Romano Voltolina

Personal information
- Date of birth: 4 November 1937
- Place of birth: Chioggia, Italy
- Date of death: 5 October 2023 (aged 85)
- Place of death: Parma, Italy
- Position(s): Forward

Youth career
- Juventus

Senior career*
- Years: Team / Apps / (Gls)
- 1956–1959: Juventus / 5 / (1)
- 1957–1958: → Parma / 15 / (5)
- 1958–1959: → Siena / 19 / (8)
- 1959–1960: Venezia / 17 / (0)
- 1960–1961: Cesena / 23 / (4)
- 1961–1964: Biellese / 79 / (14)
- 1964–1965: Massese / 21 / (3)
- 1965–1966: Siderno [it] / 27 / (14)
- 1966–1967: Massiminiana [it] / 13 / (1)
- Total:  / 219 / (50)

= Romano Voltolina =

Italian footballer (1937–2023)

Romano Voltolina (4 November 1937 – 5 October 2023) was an Italian footballer who played as a forward.

==Biography==
Born in Chioggia on 4 November 1937, Voltolina played youth football for Juventus, making his professional debut during the 1956–57 Serie A season in a match against Triestina.
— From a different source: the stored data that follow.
definition roots_U :: "nat \<Rightarrow> (int \<times> int) set" where
  "roots_U d = {z \<in> U. z [^]\<^bsub>K\<^esub> coprime_part (p + 1) d = \<one>\<^bsub>K\<^esub>}"

lemma card_roots_Fp_star: "card (roots_Fp_star d) = coprime_part (p - 1) d"
  and card_roots_U: "card (roots_U d) = coprime_part (p + 1) d"
proof -
  have "p - 1 > 0" "p + 1 > 0" using p_gt_1 by auto
  then show "card (roots_Fp_star d) = coprime_part (p - 1) d" "card (roots_U d) = coprime_part (p + 1) d"
    unfolding roots_Fp_star_def roots_U_def using coprime_part_pos coprime_part_dvd
    by (auto intro!: K.card_roots_of_unity_in_subgroup subgroup_Fp_star subgroup_U
             simp: card_Fp_star card_U)
qed

lemma power_periodic_eq_roots:
  assumes "d > 0"
  shows "{z \<in> Fp_star \<union> U. \<exists>k\<ge>1. z [^]\<^bsub>K\<^esub> (d ^ k) = z} = roots_Fp_star d \<union> roots_U d"
  using K.subgroup_power_map_periodic_iff[OF subgroup_Fp_star finite_Fp_star _ assms]
    K.subgroup_power_map_periodic_iff[OF subgroup_U finite_U _ assms]
  unfolding roots_Fp_star_def roots_U_def card_Fp_star card_U by blast

lemma roots_subset_Units: "roots_Fp_star d \<union> roots_U d \<subseteq> Units K"
  using Fp_star_Un_U_subset_Units by (auto simp: roots_Fp_star_def roots_U_def)

lemma inv_in_roots:
  assumes z: "z \<in> roots_Fp_star d \<union> roots_U d"
  shows "inv\<^bsub>K\<^esub> z \<in> roots_Fp_star d \<union> roots_U d"
proof -
  have "z \<in> Units K" using z roots_subset_Units by blast
  then have inv_pow: "inv\<^bsub>K\<^esub> z [^]\<^bsub>K\<^esub> m = \<one>\<^bsub>K\<^esub>" if "z [^]\<^bsub>K\<^esub> m = \<one>\<^bsub>K\<^esub>" for m :: nat
    using that by (simp add: K.Units_inv_pow)
  show ?thesis
    using z inv_pow K.subgroup_mult_of_inv_closed[OF subgroup_Fp_star]
      K.subgroup_mult_of_inv_closed[OF subgroup_U]
    unfolding roots_Fp_star_def roots_U_def by blast
qed

lemma inv_fixed_roots:
  "{z \<in> roots_Fp_star d \<union> roots_U d. inv\<^bsub>K\<^esub> z = z} = roots_Fp_star d \<inter> roots_U d"
proof -
  have "z \<in> roots_Fp_star d \<longleftrightarrow> z \<in> roots_U d" if "z \<in> Fp_star \<inter> U" for z
  proof -
    have "z = \<one>\<^bsub>K\<^esub> \<or> z = \<ominus>\<^bsub>K\<^esub> \<one>\<^bsub>K\<^esub>" using that Fp_star_Int_U by blast
    then show ?thesis
      using that minus_one_pow_coprime_parts[of d] by (auto simp: roots_Fp_star_def roots_U_def)
  qed
  moreover have "{z \<in> roots_Fp_star d \<union> roots_U d. inv\<^bsub>K\<^esub> z = z}
      = (roots_Fp_star d \<union> roots_U d) \<inter> (Fp_star \<inter> U)"
    using roots_subset_Units K.inv_eq_self_iff Fp_star_Int_U by blast
  moreover have "roots_Fp_star d \<inter> roots_U d \<subseteq> Fp_star \<inter> U"
    by (auto simp: roots_Fp_star_def roots_U_def)
  ultimately show ?thesis by blast
qed

lemma two_card_Per_cheb_Fp:
  assumes "d > 0"
  shows "2 * card (Per (cheb_Fp p d) Fp) = coprime_part (p - 1) d + coprime_part (p + 1) d"
proof -
  let ?R = "roots_Fp_star d \<union> roots_U d"
  have fin: "finite (roots_Fp_star d)" "finite (roots_U d)"
    using finite_Fp_star finite_U by (simp_all add: roots_Fp_star_def roots_U_def)
  have "card (Per (cheb_Fp p d) Fp) = card (emb ` Per (cheb_Fp p d) Fp)"
    using inj_on_emb by (intro card_image[symmetric]) (auto simp: Per_def intro: inj_on_subset)
  also have "\<dots> = card (phi ` ?R)"
    by (simp only: emb_image_Per_cheb_Fp power_periodic_eq_roots[OF assms])
  finally have "2 * card (Per (cheb_Fp p d) Fp) = 2 * card (phi ` ?R)" by simp
  also have "\<dots> = card ?R + card {z \<in> ?R. inv\<^bsub>K\<^esub> z = z}"
    unfolding phi_def using fin roots_subset_Units inv_in_roots
    by (intro K.two_card_add_inv_image) auto
  also have "\<dots> = card (roots_Fp_star d) + card (roots_U d)"
    unfolding inv_fixed_roots using card_Un_Int[OF fin] by simp
  finally show ?thesis by (simp add: card_roots_Fp_star card_roots_U)
qed
end

lemma cheb_P1_eq_map_option: "cheb_P1 p d = map_option (cheb_Fp p d)"
  by (rule ext) (simp add: cheb_P1_def split: option.split)

theorem mainTheorem1:
  fixes p d :: nat
  assumes "prime p" and "d > 1"
  defines "mm \<equiv> coprime_part (p - 1) d" and "mp \<equiv> coprime_part (p + 1) d"
  shows "real (card (Per (cheb_Fp p d) (A1_Fp p))) = (real mm + real mp) / 2
       \<and> real (card (Per (cheb_P1 p d) (P1_Fp p))) = (real mm + real mp) / 2 + 1"
proof -
  obtain a b where "\<forall>t::int. (t * t - a * t - b) mod int p \<noteq> 0"
    using exists_irreducible_quadratic_mod prime_gt_1_nat[OF assms(1)] by blast
  then interpret quadratic_extension p a b
    using assms(1) by unfold_locales auto
  have A1: "2 * card (Per (cheb_Fp p d) (A1_Fp p)) = mm + mp"
    using two_card_Per_cheb_Fp assms(2) by (simp add: mm_def mp_def)
  have "finite (Per (cheb_Fp p d) (A1_Fp p))"
    by (rule finite_subset[of _ "A1_Fp p"]) (auto simp: Per_def A1_Fp_def)
  then have P1: "card (Per (cheb_P1 p d) (P1_Fp p)) = card (Per (cheb_Fp p d) (A1_Fp p)) + 1"
    by (simp add: P1_Fp_def cheb_P1_eq_map_option Per_map_option card_image)
  show ?thesis using A1 P1 by simp
qed

end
The following season, he was loaned to Parma. After another loan season with Siena, he returned to Juventus one final time. In later seasons, he played for Cesena, Biellese, and Massese. He ended his career with Siderno and Massiminiana.

Voltolina died in Parma on 5 October 2023, at the age of 85.